Among those IESs retained in coding regions, 227 of 370 (61.3%) are have lengths that are multiples of 3 (3n IESs) (67.8% for IESs inserted between codons) (Table 2), much more than the random expectation of 33.3%, suggesting that cryptically excised IESs in protein-coding regions tend to retain the original reading frame. In support of this idea, 171 of 370 (46%) IESs in coding regions are inserted between codons, and only a small portion (6.4%) would cause premature stops. For those IESs inserted after the first (97 of 370) and second (102 of 370) nucleotides of codons, 24.3% contain in-frame stop codons. This suggests that some cryptically excised IESs may cause premature translation termination, but most IESs retained in coding regions will not disrupt the original open reading frames (ORFs). In contrast, in Paramecium species, cryptically excised IESs are not enriched in coding regions (19% for Paramecium sexaurelia, 28% for Paramecium biaurelia, and 25% for P. tetraurelia) (53).
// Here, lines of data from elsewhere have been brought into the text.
(* Let $\mathcal{R}$ be the hyperfinite $II_1$ factor with normalized trace $\tau$, realized as the weak closure of the increasing union $\bigcup_{j\ge0} M_{2^j}(\mathbb{C})$; let $P_n$ be the orthogonal projection of $L^2(\mathcal{R},\tau)$ onto $M_{2^n}(\mathbb{C})$ and $Q_n=I-P_n$. Let $(\mathcal{E},D(\mathcal{E}))$ be a Dirichlet form on $L^2(\mathcal{R},\tau)$ with $D(\mathcal{E})\supseteq \bigcup_{j\ge0}M_{2^j}(\mathbb{C})$, and set $\mathcal{E}_n(a)=\mathcal{E}(P_na)$. Then the following are equivalent: (1) $\lim_{n\to\infty}\mathcal{E}_n(a)=\mathcal{E}(a)$ for all $a\in D(\mathcal{E})$; (2) $\lim_{n\to\infty}\mathcal{E}(Q_na)=0$ for all $a\in D(\mathcal{E})$.
   Context: $M_{2^n}(\mathbb{C})$ is embedded in $M_{2^{n+1}}(\mathbb{C})$ via $a\mapsto \mathrm{diag}(a,a)$. $L^2(\mathcal{R},\tau)$ is the completion of $\mathcal{R}$ in $\|a\|_2=\tau(a^*a)^{1/2}$; $J$ is the antilinear isometry extending $a\mapsto a^*$; $L^2_+$ is the closure of the positive elements of $\mathcal{R}$; for real ($J$-invariant) $a$, $a\wedge1$ is the Hilbert projection of $a$ onto the $L^2$-closure of $\{b\in L^2_+: b\le 1\}$. A Dirichlet form is a closed, densely defined, nonnegative quadratic form on $L^2(\mathcal{R},\tau)$ that is real ($D(\mathcal{E})$ is $J$-invariant and $\mathcal{E}(Ja)=\mathcal{E}(a)$) and satisfies $\mathcal{E}(a\wedge1)\le\mathcal{E}(a)$ for real $a\in D(\mathcal{E})$. *)

theory Defs
  imports Complex_Main
begin

text \<open>A matrix of level k is a function nat => nat => complex vanishing outside [0,2^k)^2.
  An element of L^2(R,tau) is represented by the compatible family x = (x k)_k of its
  conditional expectations onto M_{2^k}(C) (an L^2-bounded martingale); this family
  determines the element, and every such bounded compatible family arises.\<close>

type_synonym cmat = "nat \<Rightarrow> nat \<Rightarrow> complex"
type_synonym l2 = "nat \<Rightarrow> cmat"
definition conference_list_20 :: "int list list" where
  "conference_list_20 = [[0, 1, 1, 1, 1, 1, 1, 1, 1, 1, 1, 1, 1, 1, 1, 1, 1, 1, 1, 1], [-1, 0, 1, -1, -1, 1, 1, 1, 1, -1, 1, -1, 1, -1, -1, -1, -1, 1, 1, -1], [-1, -1, 0, 1, -1, -1, 1, 1, 1, 1, -1, 1, -1, 1, -1, -1, -1, -1, 1, 1], [-1, 1, -1, 0, 1, -1, -1, 1, 1, 1, 1, -1, 1, -1, 1, -1, -1, -1, -1, 1], [-1, 1, 1, -1, 0, 1, -1, -1, 1, 1, 1, 1, -1, 1, -1, 1, -1, -1, -1, -1], [-1, -1, 1, 1, -1, 0, 1, -1, -1, 1, 1, 1, 1, -1, 1, -1, 1, -1, -1, -1], [-1, -1, -1, 1, 1, -1, 0, 1, -1, -1, 1, 1, 1, 1, -1, 1, -1, 1, -1, -1], [-1, -1, -1, -1, 1, 1, -1, 0, 1, -1, -1, 1, 1, 1, 1, -1, 1, -1, 1, -1], [-1, -1, -1, -1, -1, 1, 1, -1, 0, 1, -1, -1, 1, 1, 1, 1, -1, 1, -1, 1], [-1, 1, -1, -1, -1, -1, 1, 1, -1, 0, 1, -1, -1, 1, 1, 1, 1, -1, 1, -1], [-1, -1, 1, -1, -1, -1, -1, 1, 1, -1, 0, 1, -1, -1, 1, 1, 1, 1, -1, 1], [-1, 1, -1, 1, -1, -1, -1, -1, 1, 1, -1, 0, 1, -1, -1, 1, 1, 1, 1, -1], [-1, -1, 1, -1, 1, -1, -1, -1, -1, 1, 1, -1, 0, 1, -1, -1, 1, 1, 1, 1], [-1, 1, -1, 1, -1, 1, -1, -1, -1, -1, 1, 1, -1, 0, 1, -1, -1, 1, 1, 1], [-1, 1, 1, -1, 1, -1, 1, -1, -1, -1, -1, 1, 1, -1, 0, 1, -1, -1, 1, 1], [-1, 1, 1, 1, -1, 1, -1, 1, -1, -1, -1, -1, 1, 1, -1, 0, 1, -1, -1, 1], [-1, 1, 1, 1, 1, -1, 1, -1, 1, -1, -1, -1, -1, 1, 1, -1, 0, 1, -1, -1], [-1, -1, 1, 1, 1, 1, -1, 1, -1, 1, -1, -1, -1, -1, 1, 1, -1, 0, 1, -1], [-1, -1, -1, 1, 1, 1, 1, -1, 1, -1, 1, -1, -1, -1, -1, 1, 1, -1, 0, 1], [-1, 1, -1, -1, 1, 1, 1, 1, -1, 1, -1, 1, -1, -1, -1, -1, 1, 1, -1, 0]]"
lemma Kv_geometric_parameters:
  fixes \<theta> :: real
  assumes v: "v \<ge> 2" and \<theta>: "0 \<le> \<theta>" "\<theta> \<le> 1"
  defines "p \<equiv> 1 / (real v - 1)" and "q \<equiv> \<theta> / (real v - 1) + (1 - \<theta>)"
  shows "\<bar>(1 - p) * (1 - q)\<bar> < 1"
    and "(2 - p) / (1 - (1 - p) * (1 - q))
      = (2 * real v - 3) * (real v - 1) / ((real v - 1)^2 - \<theta> * (real v - 2)^2)"
proof -
  define w where "w = real v - 1"
  have w: "w \<ge> 1"
    using v by (simp add: w_def)
  have p: "p = 1 / w" and q: "1 - q = \<theta> * (1 - p)"
    by (simp_all add: p_def q_def w_def algebra_simps)
  have p_bounds: "0 \<le> 1 - p" "1 - p < 1"
    using w by (simp_all add: p field_simps)
  then have "1 - q \<le> 1"
    using \<theta> by (simp add: q mult_le_one)
  then have "(1 - p) * (1 - q) \<le> 1 - p"
    using p_bounds(1) by (rule mult_left_le)
  moreover have "0 \<le> (1 - p) * (1 - q)"
    using p_bounds(1) \<theta> by (simp add: q)
  ultimately show "\<bar>(1 - p) * (1 - q)\<bar> < 1"
    using p_bounds(2) by simp
  have "\<theta> * (w - 1)^2 \<le> (w - 1)^2"
    using \<theta> by (simp add: mult_left_le_one_le)
  moreover have "(w - 1)^2 < w^2"
    using w by (simp add: power2_eq_square algebra_simps)
  ultimately have den: "w^2 - \<theta> * (w - 1)^2 \<noteq> 0"
    by linarith
  have "1 - (1 - p) * (1 - q) = (w^2 - \<theta> * (w - 1)^2) / w^2"
    unfolding q p using w by (simp add: field_simps power2_eq_square)
  moreover have "2 - p = (2 * w - 1) / w"
    unfolding p using w by (simp add: field_simps)
  ultimately have "(2 - p) / (1 - (1 - p) * (1 - q))
      = (2 * w - 1) * w / (w^2 - \<theta> * (w - 1)^2)"
    using w den by (simp add: power2_eq_square)
  also have "\<dots> = (2 * real v - 3) * (real v - 1) / ((real v - 1)^2 - \<theta> * (real v - 2)^2)"
    by (simp add: w_def algebra_simps)
  finally show "(2 - p) / (1 - (1 - p) * (1 - q))
      = (2 * real v - 3) * (real v - 1) / ((real v - 1)^2 - \<theta> * (real v - 2)^2)" .
qed
(* If $P$ is a quadrilateral (a $4$-sided polygon) with vertices $v_1,v_2,v_3,v_4\in\mathbb{C}$ in counterclockwise order that satisfies the closed cap condition, then $P$ is a parallelogram; more precisely $v_2 - v_1 = v_3 - v_4$.
   Context: Identify $\mathbb{R}^2$ with $\mathbb{C}$. An $n$-sided polygon is a closed region of the plane enclosed by a simple cycle of $n$ straight line segments; its vertices are the endpoints of these segments. For a polygon with vertices $v_1,\dots,v_n$ in counterclockwise order, set $v_{n+1}=v_1$, let $s_k = v_{k+1}-v_k$ be its $k$-th edge, and let $\theta_k\in(0,2\pi)$ be the internal angle at $v_k$. Cap construction (polygonal cap curve): set $\kappa = 4\pi/n$. For each $k$ let $\alpha_k = \pi - \theta_k$ (the counterclockwise turning angle of $P$ at $v_k$, so that $\arg s_k = \arg s_{k-1} + \alpha_k$), $\hat\theta_k = 2\pi - \theta_k - \kappa$, and $\beta_k = \pi - \hat\theta_k$ (so $\alpha_k+\beta_k = \kappa$). Put $\hat v_1 = v_1$, $\hat v_2 = v_2$, and for $k=2,\dots,n$ define $\hat v_{k+1} = \hat v_k + \hat s_k$, where $\hat s_k$ is the complex number with $|\hat s_k| = |s_k|$ whose direction is obtained by turning the direction of $\hat s_{k-1} = \hat v_k - \hat v_{k-1}$ clockwise by the angle $\beta_k$, i.e. $\hat s_k/|\hat s_k| = e^{-i\beta_k}\,\hat s_{k-1}/|\hat s_{k-1}|$. The points $\hat v_1,\dots,\hat v_{n+1}$ are the vertices of the polygonal cap curve of $P$. Closed cap condition: $P$ satisfies the closed cap condition if $\hat v_{n+1} = \hat v_1$. *)

theory Defs
  imports "HOL-Analysis.Analysis"
begin

text \<open>A polygon with n vertices is given by v :: nat => complex on indices 1..n.
  Indices are read cyclically: vtx n v 0 = v n, vtx n v (n+1) = v 1.\<close>

definition vtx :: "nat \<Rightarrow> (nat \<Rightarrow> complex) \<Rightarrow> nat \<Rightarrow> complex" where
  "vtx n v k = v (((k + n - 1) mod n) + 1)"

definition edge :: "nat \<Rightarrow> (nat \<Rightarrow> complex) \<Rightarrow> nat \<Rightarrow> complex" where
  "edge n v k = vtx n v (k + 1) - vtx n v k"

definition simple_polygon :: "nat \<Rightarrow> (nat \<Rightarrow> complex) \<Rightarrow> bool" where
  "simple_polygon n v \<longleftrightarrow> 3 \<le> n \<and> inj_on v {1..n} \<and>
     (\<forall>j\<in>{1..n}. \<forall>k\<in>{1..n}. j \<noteq> k \<longrightarrow>
        closed_segment (vtx n v j) (vtx n v (j+1)) \<inter> closed_segment (vtx n v k) (vtx n v (k+1))
          \<subseteq> {vtx n v j, vtx n v (j+1)} \<inter> {vtx n v k, vtx n v (k+1)})"

text \<open>Counterclockwise order: positive signed (shoelace) area.\<close>
definition ccw_polygon :: "nat \<Rightarrow> (nat \<Rightarrow> complex) \<Rightarrow> bool" where
  "ccw_polygon n v \<longleftrightarrow> (\<Sum>k=1..n. Im (cnj (vtx n v k) * vtx n v (k+1))) > 0"

text \<open>Internal angle at v_k in (0, 2 pi): the counterclockwise angle from the direction
  of v_(k+1) - v_k to the direction of v_(k-1) - v_k (interior lies to the left).\<close>
definition int_angle :: "nat \<Rightarrow> (nat \<Rightarrow> complex) \<Rightarrow> nat \<Rightarrow> real" where
  "int_angle n v k =
     (let a = Arg ((vtx n v (k + n - 1) - vtx n v k) / (vtx n v (k+1) - vtx n v k))
      in if 0 < a then a else a + 2 * pi)"

definition kappa :: "nat \<Rightarrow> real" where
  "kappa n = 4 * pi / real n"

text \<open>beta_k = pi - hat_theta_k, hat_theta_k = 2 pi - theta_k - kappa.\<close>
definition cap_beta :: "nat \<Rightarrow> (nat \<Rightarrow> complex) \<Rightarrow> nat \<Rightarrow> real" where
  "cap_beta n v k = pi - (2 * pi - int_angle n v k - kappa n)"

fun cap_edge :: "nat \<Rightarrow> (nat \<Rightarrow> complex) \<Rightarrow> nat \<Rightarrow> complex" where
  "cap_edge n v 0 = 0"
| "cap_edge n v (Suc 0) = vtx n v 2 - vtx n v 1"
| "cap_edge n v (Suc (Suc k)) =
     complex_of_real (norm (edge n v (k+2))) * cis (- cap_beta n v (k+2)) *
       (cap_edge n v (Suc k) / complex_of_real (norm (cap_edge n v (Suc k))))"

fun cap_vtx :: "nat \<Rightarrow> (nat \<Rightarrow> complex) \<Rightarrow> nat \<Rightarrow> complex" where
  "cap_vtx n v 0 = vtx n v 1"
| "cap_vtx n v (Suc 0) = vtx n v 1"
| "cap_vtx n v (Suc (Suc k)) = cap_vtx n v (Suc k) + cap_edge n v (Suc k)"

definition closed_cap :: "nat \<Rightarrow> (nat \<Rightarrow> complex) \<Rightarrow> bool" where
  "closed_cap n v \<longleftrightarrow> cap_vtx n v (n+1) = cap_vtx n v 1"

end

theory Submission
  imports Defs
begin

text \<open>For a quadrilateral \<open>\<kappa> = \<pi>\<close>, so the cap turns clockwise by exactly the internal angle
  \<open>\<theta>\<^sub>k\<close>. Turning the direction of \<open>-s\<^sub>k\<^sub>-\<^sub>1\<close> clockwise by \<open>\<theta>\<^sub>k\<close> gives the direction of \<open>s\<^sub>k\<close>,
  so the cap edges are \<open>s\<^sub>1, -s\<^sub>2, s\<^sub>3, -s\<^sub>4\<close>. Closing the cap means \<open>s\<^sub>1 - s\<^sub>2 + s\<^sub>3 - s\<^sub>4 = 0\<close>;
  adding \<open>s\<^sub>1 + s\<^sub>2 + s\<^sub>3 + s\<^sub>4 = 0\<close> gives \<open>s\<^sub>1 = -s\<^sub>3\<close>.\<close>

lemma vtx_eq_self:
  assumes "1 \<le> k" "k \<le> n"
  shows "vtx n v k = v k"
proof -
  have "k + n - 1 = (k - 1) + n" using assms by simp
  then have "(k + n - 1) mod n = k - 1" using assms by (simp only: mod_add_self2) simp
  then show ?thesis using assms by (simp add: vtx_def)
qed

lemma vtx_add_period: "0 < n \<Longrightarrow> vtx n v (k + n) = vtx n v k"
proof -
  assume "0 < n"
  then have "k + n + n - 1 = (k + n - 1) + n" by simp
  then show ?thesis by (simp add: vtx_def)
qed

lemma vtx_Suc_neq:
  assumes "simple_polygon n v"
  shows "vtx n v (Suc k) \<noteq> vtx n v k"
proof -
  have n: "3 \<le> n" and inj: "inj_on v {1..n}"
    using assms by (simp_all add: simple_polygon_def)
  define m where "m = k + n - 1"
  have Suc_m: "(Suc k + n - 1) mod n = Suc m mod n" using n by (simp add: m_def)
  have "Suc m mod n \<noteq> m mod n"
    using n by (simp add: mod_Suc)
  moreover have "Suc m mod n + 1 \<in> {1..n}" "m mod n + 1 \<in> {1..n}"
    using n by (auto simp: Suc_le_eq)
  ultimately have "v (Suc m mod n + 1) \<noteq> v (m mod n + 1)"
    using inj_onD[OF inj] by fastforce
  then show ?thesis unfolding vtx_def Suc_m m_def .
qed

lemma sum_edge_eq_0:
  assumes "0 < n"
  shows "(\<Sum>k=1..n. edge n v k) = 0"
proof -
  have "(\<Sum>k=1..n. edge n v k) = vtx n v (Suc n) - vtx n v 1"
    using sum_Suc_diff[where f = "vtx n v" and m = 1 and n = n] assms by (simp add: edge_def)
  also have "\<dots> = 0"
    using vtx_add_period[OF assms, where k = 1] by (simp add: add.commute)
  finally show ?thesis .
qed

lemma cap_vtx_Suc_eq_sum: "cap_vtx n v (Suc k) = vtx n v 1 + (\<Sum>j=1..k. cap_edge n v j)"
proof (induction k)
  case (Suc k)
  then show ?case by (cases k) (simp_all add: add.assoc)
qed simp

lemma closed_cap_iff_sum_cap_edge: "closed_cap n v \<longleftrightarrow> (\<Sum>j=1..n. cap_edge n v j) = 0"
  by (simp add: closed_cap_def cap_vtx_Suc_eq_sum[where k = n, simplified])

lemma cis_int_angle:
  assumes "vtx n v (k + n - 1) \<noteq> vtx n v k" "edge n v k \<noteq> 0"
  shows "cis (int_angle n v k) = sgn ((vtx n v (k + n - 1) - vtx n v k) / edge n v k)"
proof -
  define q where "q = (vtx n v (k + n - 1) - vtx n v k) / edge n v k"
  have "q \<noteq> 0" using assms by (simp add: q_def)
  moreover have "cis (int_angle n v k) = cis (Arg q)"
    by (simp add: int_angle_def Let_def q_def edge_def cis.ctr)
  ultimately show ?thesis by (simp add: cis_Arg q_def)
qed

lemma cis_neg_int_angle_mult_sgn:
  assumes "vtx n v (k + n - 1) \<noteq> vtx n v k" "edge n v k \<noteq> 0"
  shows "cis (- int_angle n v k) * sgn (vtx n v (k + n - 1) - vtx n v k) = sgn (edge n v k)"
  using assms
  by (simp add: cis_inverse[symmetric] cis_int_angle sgn_divide field_simps sgn_eq_0_iff)

lemma cap_beta_quadrilateral: "cap_beta 4 v k = int_angle 4 v k"
  by (simp add: cap_beta_def kappa_def)

lemma cap_edge_quadrilateral:
  assumes "simple_polygon 4 v"
  shows "cap_edge 4 v (Suc k) = (-1) ^ k * edge 4 v (Suc k)"
proof (induction k)
  case 0
  then show ?case by (simp add: edge_def numeral_2_eq_2)
next
  case (Suc k)
  define s where "s = edge 4 v (Suc k)"
  define e where "e = edge 4 v (Suc (Suc k))"
  define \<sigma> :: complex where "\<sigma> = (-1) ^ k"
  have e0: "e \<noteq> 0"
    using vtx_Suc_neq[OF assms] by (simp add: e_def edge_def)
  have prev: "vtx 4 v (Suc (Suc k) + 4 - 1) = vtx 4 v (Suc k)"
    using vtx_add_period[of 4 v "Suc k"] by (simp add: add.commute)
  have "sgn (vtx 4 v (Suc k) - vtx 4 v (Suc (Suc k))) = - sgn s"
    unfolding s_def edge_def by (metis minus_diff_eq sgn_minus Suc_eq_plus1)
  then have turn: "cis (- int_angle 4 v (Suc (Suc k))) * sgn s = - sgn e"
    using cis_neg_int_angle_mult_sgn[of 4 v "Suc (Suc k)"] vtx_Suc_neq[OF assms, of "Suc k"] e0
    unfolding prev e_def by (simp add: edge_def) (metis minus_minus)
  have "cmod \<sigma> = 1" by (simp add: \<sigma>_def norm_power)
  then have dir: "cap_edge 4 v (Suc k) / of_real (cmod (cap_edge 4 v (Suc k))) = \<sigma> * sgn s"
    using Suc.IH by (simp add: s_def \<sigma>_def norm_mult sgn_eq)
  have "cap_edge 4 v (Suc (Suc k)) =
      \<sigma> * of_real (cmod e) * (cis (- int_angle 4 v (Suc (Suc k))) * sgn s)"
    by (simp add: dir e_def cap_beta_quadrilateral mult_ac)
  also have "\<dots> = - \<sigma> * e"
    unfolding turn using e0 by (simp add: sgn_eq)
  finally show ?case by (simp add: \<sigma>_def e_def)
qed

lemma sum_1_to_4: "(\<Sum>k=1..(4::nat). f k) = f 1 + f 2 + f 3 + (f 4 :: 'a :: comm_monoid_add)"
  by (simp add: eval_nat_numeral add.assoc)

lemma closed_cap_quadrilateral_alternating:
  assumes "simple_polygon 4 v" "closed_cap 4 v"
  shows "edge 4 v 1 - edge 4 v 2 + edge 4 v 3 - edge 4 v 4 = 0"
proof -
  have "cap_edge 4 v 1 = edge 4 v 1"
    by (simp add: edge_def numeral_2_eq_2)
  moreover have "cap_edge 4 v 2 = - edge 4 v 2"
    using cap_edge_quadrilateral[OF assms(1), of 1] unfolding Suc_1 by simp
  moreover have "cap_edge 4 v 3 = edge 4 v 3" "cap_edge 4 v 4 = - edge 4 v 4"
    using cap_edge_quadrilateral[OF assms(1), of 2] cap_edge_quadrilateral[OF assms(1), of 3]
    by simp_all
  moreover have "(\<Sum>k=1..4. cap_edge 4 v k) = 0"
    using assms(2) closed_cap_iff_sum_cap_edge by blast
  ultimately show ?thesis
    unfolding sum_1_to_4 by simp
qed

theorem proposition2p2:
  fixes v :: "nat \<Rightarrow> complex"
  assumes "simple_polygon 4 v"
    and "ccw_polygon 4 v"
    and "closed_cap 4 v"
  shows "v 2 - v 1 = v 3 - v 4"
proof -
  define s where "s = edge 4 v"
  have alternating: "s 1 - s 2 + s 3 - s 4 = 0"
    using closed_cap_quadrilateral_alternating[OF assms(1,3)] by (simp only: s_def)
  have "(\<Sum>k=1..4. s k) = 0"
    unfolding s_def by (rule sum_edge_eq_0) simp
  then have total: "s 1 + s 2 + s 3 + s 4 = 0"
    unfolding sum_1_to_4 .
  have "2 * (s 1 + s 3) = (s 1 - s 2 + s 3 - s 4) + (s 1 + s 2 + s 3 + s 4)"
    by (simp add: algebra_simps)
  also have "\<dots> = 0"
    unfolding alternating total by simp
  finally have "s 1 + s 3 = 0"
    by (simp only: mult_eq_0_iff) simp
  then show ?thesis
    by (simp add: s_def edge_def vtx_eq_self algebra_simps numeral_2_eq_2)
qed

end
For those cryptically excised IESs in coding regions in Paramecium, their length is not inclined to 3n (26% for P. sexaurelia, 34% for P. biaurelia, and 27% for P. tetraurelia) (53); therefore, the retention of these non-3n IESs will disrupt ORFs and cause premature stops (49, 53, 54).

TABLE 2.

Cryptically excised IESs in protein-coding regions

Parameter	IESs between codonsa	IESs at frame +1a	IESs at frame +2a	Total no.
IESs in protein-coding regions	171	97	102	370
IESs without frameshifts	116	58	53	227
IESs with in-frame stop codons	11	49	30	90

^aIESs between codons, cryptically excised IESs inserted between codons; IESs at frame +1, cryptically excised IESs inserted after the first nucleotide of codons; IESs at frame +2, cryptically excised IESs inserted after the second nucleotide of codons.

Intriguingly, cryptically excised IESs have a strong tendency to overlap each other. Among 2,172 IESs, 583 overlap at least one other IES. The overlapped IESs always share a boundary sequence (within IES), and generally have a length difference divisible by three (85.08%). Contig 8469 (a single-gene chromosome) is shown as an example (Fig. 4A). Here, 5 IESs share the same 5′ and 3′ boundary motif (5′: GCTCAAC, 3′: TCAACAG), although they are in different locations. The pointer-sequences of these IESs contain the 3′ boundary motif TCAACAG and can be represented by the motif “N(3–5)GGNTCAACAG” (where N represents A/T/G/C) (48). All length differences between pairs are divisible by three, which means the deletion and retention of any one of them retains the same reading frame (Fig. 4A). Although this alternative IES deletion at the DNA level resembles alternative intron splicing at the RNA level, and may increase the diversity of protein sequences, the functional and evolutionary significance of this is unclear, and the possibility that such variants simply reflect cellular accidents cannot be ruled out.

FIG 4.

Large-scale DNA and RNA alternative splicing. (A) Cryptically excised IESs in contig 8469. Repetitive segments (each one is 7 bp) are shown in the same color. The length differences between each pair of jointly used segments are shown beside each segment. (B) Length distribution of introns, using bin size of 2 bp. (C) Patterns of nucleotide usage for the 10-bp segment internal to both ends of introns. (D) Distribution of introns in all single-gene coding chromosomes of Halteria grandinella and Oxytricha trifallax. Window size is 1% of the whole chromosome without two telomeres.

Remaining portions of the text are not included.